SUPPLIED MATERIAL
lemma spec_norm_le: "(\<And>x. norm (A *v x) \<le> K * norm x) \<Longrightarrow> spec_norm A \<le> K"
  unfolding spec_norm_def by (rule onorm_le)

lemma spec_norm_nonneg: "0 \<le> spec_norm A"
  unfolding spec_norm_def by (rule onorm_pos_le) (rule matrix_vector_mul_bounded_linear)

lemma spec_norm_minus_commute: "spec_norm (A - B) = spec_norm (B - A)"
proof -
  have "(\<lambda>x. (A - B) *v x) = (\<lambda>x. - ((B - A) *v x))"
    by (simp add: matrix_vector_mult_diff_rdistrib)
  then show ?thesis
    unfolding spec_norm_def by (simp add: onorm_neg)
qed

lemma spec_norm_add_le: "spec_norm (A + B) \<le> spec_norm A + spec_norm B"
  unfolding spec_norm_def matrix_vector_mult_add_rdistrib
  by (intro onorm_triangle matrix_vector_mul_bounded_linear)

lemma spec_norm_mult_le: "spec_norm (A ** B) \<le> spec_norm A * spec_norm B"
  using onorm_compose[OF matrix_vector_mul_bounded_linear matrix_vector_mul_bounded_linear, of A B]
  by (simp add: spec_norm_def o_def matrix_vector_mul_assoc)

lemma spec_norm_mult3_le: "spec_norm (A ** B ** C) \<le> spec_norm A * spec_norm B * spec_norm C"
  using spec_norm_mult_le[of "A ** B" C] spec_norm_mult_le[of A B]
  by (meson mult_right_mono order_trans spec_norm_nonneg)

lemma spec_norm_transpose_le: "spec_norm (transpose A) \<le> spec_norm A"
  for A :: "real^'a^'b"
proof (rule spec_norm_le)
  fix w
  let ?u = "transpose A *v w"
  have "(norm ?u)\<^sup>2 = w \<bullet> (A *v ?u)"
    by (simp only: power2_norm_eq_inner inner_transpose_matrix_vector)
  also have "\<dots> \<le> norm w * (spec_norm A * norm ?u)"
    by (intro order_trans[OF norm_cauchy_schwarz] mult_left_mono norm_matrix_vector_le_spec_norm) simp
  finally show "norm ?u \<le> spec_norm A * norm w"
    by (cases "norm ?u = 0") (auto simp: power2_eq_square spec_norm_nonneg mult.commute)
qed

lemma spec_norm_transpose: "spec_norm (transpose A) = spec_norm A"
  for A :: "real^'a^'b"
  using spec_norm_transpose_le[of A] spec_norm_transpose_le[of "transpose A"] by simp

lemma spec_norm_le_1_if_orthonormal_columns:
  fixes U :: "real^'a^'b"
  assumes "transpose U ** U = mat 1"
  shows "spec_norm U \<le> 1"
proof (rule spec_norm_le)
  fix x
  have "(norm (U *v x))\<^sup>2 = (norm x)\<^sup>2"
    using quadratic_form_gram[of x U] assms by (simp add: power2_norm_eq_inner)
  then show "norm (U *v x) \<le> 1 * norm x" by simp
qed

section \<open>Inverses of perturbed matrices\<close>

lemma invertible_if_bounded_below:
  fixes A :: "real^'n^'n"
  assumes "0 < c" and below: "\<And>x. c * norm x \<le> norm (A *v x)"
  shows "invertible A" "spec_norm (matrix_inv A) \<le> 1 / c"
proof -
  have "inj ((*v) A)"
  proof (rule injI)
    fix x y assume "A *v x = A *v y"
    then have "c * norm (x - y) \<le> 0"
      using below[of "x - y"] by (simp add: matrix_vector_mult_diff_distrib)
    then show "x = y" using \<open>0 < c\<close> by (simp add: mult_le_0_iff)
  qed
  then show inv: "invertible A"
    using matrix_left_invertible_injective invertible_left_inverse by blast
  show "spec_norm (matrix_inv A) \<le> 1 / c"
  proof (rule spec_norm_le)
    fix w
    have "A *v (matrix_inv A *v w) = w"
      by (simp add: matrix_vector_mul_assoc matrix_inv_mult(1)[OF inv])
    then show "norm (matrix_inv A *v w) \<le> 1 / c * norm w"
      using below[of "matrix_inv A *v w"] \<open>0 < c\<close> by (simp add: field_simps)
  qed
qed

EXERCISE INSTRUCTIONS
Every line that contains the string "rule" should be copied from the entries.

WORKED SOLUTION
  unfolding spec_norm_def by (rule onorm_le)
  unfolding spec_norm_def by (rule onorm_pos_le) (rule matrix_vector_mul_bounded_linear)
proof (rule spec_norm_le)
proof (rule spec_norm_le)
  proof (rule injI)
  proof (rule spec_norm_le)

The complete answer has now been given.